*WORK REQUIRED:* The expected response is a copy of every line in the entries below that includes the word "frac".

[Start of section]

(* Let $f:\{0,1\}^n\to\{0,1\}$ be given by query access, let $\mathcal{I}$ be a partition of $[n]$ into $r$ parts, let $W\in\mathcal{I}$ with $|W|\ge\frac{n}{2r}$, and let $J$ be a union of parts from $\mathcal{I}\setminus\{W\}$. There is a randomized algorithm taking $(f,\mathcal{I},J,W)$ that makes $O(\log r)$ queries to $f$ such that: (1) with probability $\mathrm{SymInf}_f(\overline{J})$ it returns a part $I\in\mathcal{I}\setminus\{W\}$ disjoint from $J$, and otherwise it returns $\emptyset$; (2) if $W$ contains no asymmetric variable of $f$ and the algorithm returns a part $I\in\mathcal{I}$, then $I$ contains an asymmetric variable of $f$.
   Context: $\mathcal{S}_J$ is the set of permutations of $[n]$ fixing every element outside $J$; $\pi x$ is the vector whose $\pi(i)$-th coordinate is $x_i$. $f$ is $J$-symmetric if $f(\pi x)=f(x)$ for all $x$ and $\pi\in\mathcal{S}_J$. $\mathrm{core}(f)$ is the maximum set $J$ such that $f$ is $J$-symmetric; variables in $[n]\setminus\mathrm{core}(f)$ are called asymmetric. $\overline{J}=[n]\setminus J$. $\mathrm{SymInf}_f(S)=\Pr_{x,\pi}[f(x)\ne f(\pi x)]$ with $x$ uniform in $\{0,1\}^n$ and $\pi$ uniform in $\mathcal{S}_S$. *)

theory Defs
  imports "HOL-Probability.Probability" "HOL-Combinatorics.Permutations" "HOL-Library.Disjoint_Sets"
begin

text \<open>Coordinates are indexed by [n] = {0..<n}. A point of the Boolean cube is a function
  nat => bool that is False outside {0..<n}.\<close>

definition cube :: "nat \<Rightarrow> (nat \<Rightarrow> bool) set" where
  "cube n = {x. \<forall>i. n \<le> i \<longrightarrow> \<not> x i}"

definition perm_act :: "(nat \<Rightarrow> nat) \<Rightarrow> (nat \<Rightarrow> bool) \<Rightarrow> (nat \<Rightarrow> bool)" where
  "perm_act \<pi> x = (\<lambda>j. x (inv \<pi> j))"

definition sym_on :: "nat \<Rightarrow> ((nat \<Rightarrow> bool) \<Rightarrow> bool) \<Rightarrow> nat set \<Rightarrow> bool" where
  "sym_on n f J \<longleftrightarrow> (\<forall>x\<in>cube n. \<forall>\<pi>. \<pi> permutes J \<longrightarrow> f (perm_act \<pi> x) = f x)"

definition core :: "nat \<Rightarrow> ((nat \<Rightarrow> bool) \<Rightarrow> bool) \<Rightarrow> nat set" where
  "core n f = (SOME J. J \<subseteq> {0..<n} \<and> sym_on n f J \<and>
       (\<forall>K. K \<subseteq> {0..<n} \<and> sym_on n f K \<longrightarrow> card K \<le> card J))"

definition asym_vars :: "nat \<Rightarrow> ((nat \<Rightarrow> bool) \<Rightarrow> bool) \<Rightarrow> nat set" where
  "asym_vars n f = {0..<n} - core n f"

definition SymInf :: "nat \<Rightarrow> ((nat \<Rightarrow> bool) \<Rightarrow> bool) \<Rightarrow> nat set \<Rightarrow> real" where
  "SymInf n f S = measure_pmf.prob
     (pair_pmf (pmf_of_set (cube n)) (pmf_of_set {\<pi>. \<pi> permutes S}))
     {(x, \<pi>). f x \<noteq> f (perm_act \<pi> x)}"

text \<open>Query algorithms: a deterministic query algorithm is a decision tree whose inner nodes
  query f at a point and branch on the answer; a randomized query algorithm is a probability
  distribution over such trees (the randomness is independent of f).\<close>
datatype 'a qtree = Leaf 'a | Query "nat \<Rightarrow> bool" "bool \<Rightarrow> 'a qtree"

primrec run :: "((nat \<Rightarrow> bool) \<Rightarrow> bool) \<Rightarrow> 'a qtree \<Rightarrow> 'a" where
  "run f (Leaf a) = a"
| "run f (Query x k) = run f (k (f x))"

primrec depth :: "'a qtree \<Rightarrow> nat" where
  "depth (Leaf a) = 0"
| "depth (Query x k) = Suc (max (depth (k True)) (depth (k False)))"

end

theory Submission
  imports Defs
begin

text \<open>Let U = [n] - J; it is the union of W and of the parts D avoiding J. Sample x and a
  permutation \<pi> of U. As x and \<pi> x have equally many ones in U, one can walk from x to \<pi> x by
  steps each of which permutes the coordinates of a single part I \<in> D together with those of W,
  using W as a reservoir of ones and zeros. The potential |W| times the number of mismatched parts
  plus twice the total weight defect of the parts drops by |W| per step and is initially at most
  |D| |W| + 2n, so |W| \<ge> n/(2r) bounds the number of steps by O(r). If f(x) \<noteq> f(\<pi> x), binary
  search along the walk finds with O(log r) queries a step changing f and returns its part I; that
  step permutes I \<union> W, so I \<union> W contains an asymmetric variable, and hence so does I if W
  contains none. A part is returned exactly when f(x) \<noteq> f(\<pi> x), an event of probability
  SymInf_f(U).\<close>

definition weight :: "(nat \<Rightarrow> bool) \<Rightarrow> nat set \<Rightarrow> nat" where
  "weight z S = card {i\<in>S. z i}"

lemma weight_cong: "(\<And>i. i \<in> S \<Longrightarrow> z i = z' i) \<Longrightarrow> weight z S = weight z' S"
  unfolding weight_def by (metis (mono_tags, lifting) Collect_cong)

lemma weight_le_card: "finite S \<Longrightarrow> weight z S \<le> card S"
  unfolding weight_def by (rule card_mono) auto

lemma weight_Un_disjoint:
  assumes "finite A" "finite B" "A \<inter> B = {}"
  shows "weight z (A \<union> B) = weight z A + weight z B"
proof -
  have "{i \<in> A \<union> B. z i} = {i\<in>A. z i} \<union> {i\<in>B. z i}" by auto
  moreover have "card ({i\<in>A. z i} \<union> {i\<in>B. z i}) = card {i\<in>A. z i} + card {i\<in>B. z i}"
    by (rule card_Un_disjoint) (use assms in auto)
  ultimately show ?thesis by (simp add: weight_def)
qed

lemma weight_UN_disjoint:
  assumes "finite D" "\<And>K. K \<in> D \<Longrightarrow> finite K"
    and "\<And>K K'. K \<in> D \<Longrightarrow> K' \<in> D \<Longrightarrow> K \<noteq> K' \<Longrightarrow> K \<inter> K' = {}"
  shows "weight z (\<Union>D) = (\<Sum>K\<in>D. weight z K)"
proof -
  have "{i\<in>\<Union>D. z i} = (\<Union>K\<in>D. {i\<in>K. z i})" by auto
  moreover have "card (\<Union>K\<in>D. {i\<in>K. z i}) = (\<Sum>K\<in>D. card {i\<in>K. z i})"
    by (rule card_UN_disjoint) (use assms in auto)
  ultimately show ?thesis by (simp add: weight_def)
qed
(* Let $k$ be an unramified non-archimedean local field of residue characteristic $2$ (so $e=1$ and we take $\varpi=2$). Let $B(x)=x_1^2-\Delta x_2^2$ on $k^2$, where $\Delta=1+2v$ is a unit with quadratic defect $2\mathfrak o$ and $v$ is a unit. Let $z=q^{-\beta}$, $w=zq^{-1}$, and $t\in\mathfrak o\setminus\{0\}$ with $|t|=q^{-T}$. Then \[ X^B(\beta;t^2)=|2|\,\frac{1+w^{2T+1}}{1-w}. \]
   Context: $k$ has ring of integers $\mathfrak o$, residue field of cardinality $q$, absolute value normalized by $|2|=q^{-1}$. On $\mathfrak o^n$ use the additive Haar measure of total mass $1$. For a quadratic form $B$ on $k^n$, $\rho\in\mathfrak o$ and integer $\ell\ge0$: $X_\ell^B(\rho)=\operatorname{meas}\{x\in\mathfrak o^n: B(x)-\rho\in 2^{\ell+1}\mathfrak o\}$ and $X^B(\beta;\rho)=\sum_{\ell\ge0}z^\ell X_\ell^B(\rho)$ with $z=q^{-\beta}$. The quadratic defect of $\rho\in k$ is the intersection of all ideals $b\mathfrak o$ over those $b\in k$ for which $\rho-b$ is a square in $k$. *)

theory Defs
  imports "HOL-Analysis.Analysis"
begin

definition nonarch_abs :: "('a::field \<Rightarrow> real) \<Rightarrow> bool" where
  "nonarch_abs absv \<longleftrightarrow>
     (\<forall>x. 0 \<le> absv x) \<and> (\<forall>x. absv x = 0 \<longleftrightarrow> x = 0) \<and>
     (\<forall>x y. absv (x * y) = absv x * absv y) \<and>
     (\<forall>x y. absv (x + y) \<le> max (absv x) (absv y))"

definition int_ring :: "('a::field \<Rightarrow> real) \<Rightarrow> 'a set" where
  "int_ring absv = {x. absv x \<le> 1}"

definition ideal_gen :: "('a::field \<Rightarrow> real) \<Rightarrow> 'a \<Rightarrow> 'a set" where
  "ideal_gen absv b = {b * y | y. y \<in> int_ring absv}"

definition residue_field :: "('a::field \<Rightarrow> real) \<Rightarrow> 'a set set" where
  "residue_field absv =
     (\<lambda>x. {y \<in> int_ring absv. absv (x - y) < 1}) ` int_ring absv"
lemma spans_modulo_tor1_cycles_2:
  assumes "one_dim_module \<alpha> \<gamma> \<delta> \<mu>"
  shows "spans_modulo (tor1_cycles \<delta> \<mu> \<delta> \<mu>) (tor1_boundaries \<alpha> 0 \<gamma> \<delta> \<mu> \<delta> \<mu>) 2"
proof (rule spans_modulo_tor1_cycles[OF assms assms])
  show "\<forall>i<2. (\<lambda>i. if i = 0 then fa_mon [Dg] else fa_mon [Ug]) i \<in> tor1_cycles \<delta> \<mu> \<delta> \<mu>"
    by (simp add: fa_mon_gen_in_tor1_cycles)
  fix x y
  show "\<exists>s\<in>tor1_boundaries \<alpha> 0 \<gamma> \<delta> \<mu> \<delta> \<mu>. \<exists>c.
          (\<lambda>w. x * fa_mon [Dg] w + y * fa_mon [Ug] w) =
          (\<lambda>w. s w + fa_lincomb c (\<lambda>i. if i = 0 then fa_mon [Dg] else fa_mon [Ug]) 2 w)"
    by (intro bexI[OF _ zero_in_tor1_boundaries] exI[of _ "\<lambda>i. if i = 0 then x else y"])
       (simp add: fa_lincomb_2)
qed

lemma spans_modulo_tor1_cycles_distinct:
  assumes modules: "one_dim_module \<alpha> \<gamma> \<delta>1 \<mu>1" "one_dim_module \<alpha> \<gamma> \<delta>2 \<mu>2"
      and distinct: "(\<delta>1, \<mu>1) \<noteq> (\<delta>2, \<mu>2)"
  shows "spans_modulo (tor1_cycles \<delta>1 \<mu>1 \<delta>2 \<mu>2) (tor1_boundaries \<alpha> 0 \<gamma> \<delta>1 \<mu>1 \<delta>2 \<mu>2) 1"
proof -
  define p where "p = \<delta>1 - \<delta>2"
  define q where "q = \<mu>1 - \<mu>2"
  have pq: "p \<noteq> 0 \<or> q \<noteq> 0" using distinct by (auto simp: p_def q_def)
  define v0 where "v0 = (\<lambda>w. q * fa_mon [Dg] w - p * fa_mon [Ug] w)"
  show ?thesis
  proof (rule spans_modulo_tor1_cycles[OF modules, where v = "\<lambda>_. v0"])
    show "\<forall>i<1. v0 \<in> tor1_cycles \<delta>1 \<mu>1 \<delta>2 \<mu>2"
      by (simp add: v0_def tor1_cycles_def fa_eval_eq_fa_pair word_eval_def p_def q_def algebra_simps)
    fix x y assume "x * \<delta>1 + y * \<mu>1 = x * \<delta>2 + y * \<mu>2"
    then have "x * p + y * q = 0" by (simp add: p_def q_def algebra_simps)
    then obtain c0 where "x = c0 * q" "y = - c0 * p"
    proof (cases "p = 0")
      case True
      with pq \<open>x * p + y * q = 0\<close> show ?thesis by (intro that[of "x / q"]) simp_all
    next
      case False
      with \<open>x * p + y * q = 0\<close> show ?thesis
        by (intro that[of "- y / p"]) (simp_all add: field_simps, simp add: algebra_simps add_eq_0_iff)
    qed
    then show "\<exists>s\<in>tor1_boundaries \<alpha> 0 \<gamma> \<delta>1 \<mu>1 \<delta>2 \<mu>2. \<exists>c.
        (\<lambda>w. x * fa_mon [Dg] w + y * fa_mon [Ug] w) = (\<lambda>w. s w + fa_lincomb c (\<lambda>_. v0) 1 w)"
      by (intro bexI[OF _ zero_in_tor1_boundaries] exI[of _ "\<lambda>_. c0"])
         (simp add: v0_def fun_eq_iff algebra_simps)
  qed
qed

[End of section]

*EXERCISE SOLUTION:*
(* Let $f:\{0,1\}^n\to\{0,1\}$ be given by query access, let $\mathcal{I}$ be a partition of $[n]$ into $r$ parts, let $W\in\mathcal{I}$ with $|W|\ge\frac{n}{2r}$, and let $J$ be a union of parts from $\mathcal{I}\setminus\{W\}$. There is a randomized algorithm taking $(f,\mathcal{I},J,W)$ that makes $O(\log r)$ queries to $f$ such that: (1) with probability $\mathrm{SymInf}_f(\overline{J})$ it returns a part $I\in\mathcal{I}\setminus\{W\}$ disjoint from $J$, and otherwise it returns $\emptyset$; (2) if $W$ contains no asymmetric variable of $f$ and the algorithm returns a part $I\in\mathcal{I}$, then $I$ contains an asymmetric variable of $f$.
(* Let $k$ be an unramified non-archimedean local field of residue characteristic $2$ (so $e=1$ and we take $\varpi=2$). Let $B(x)=x_1^2-\Delta x_2^2$ on $k^2$, where $\Delta=1+2v$ is a unit with quadratic defect $2\mathfrak o$ and $v$ is a unit. Let $z=q^{-\beta}$, $w=zq^{-1}$, and $t\in\mathfrak o\setminus\{0\}$ with $|t|=q^{-T}$. Then \[ X^B(\beta;t^2)=|2|\,\frac{1+w^{2T+1}}{1-w}. \]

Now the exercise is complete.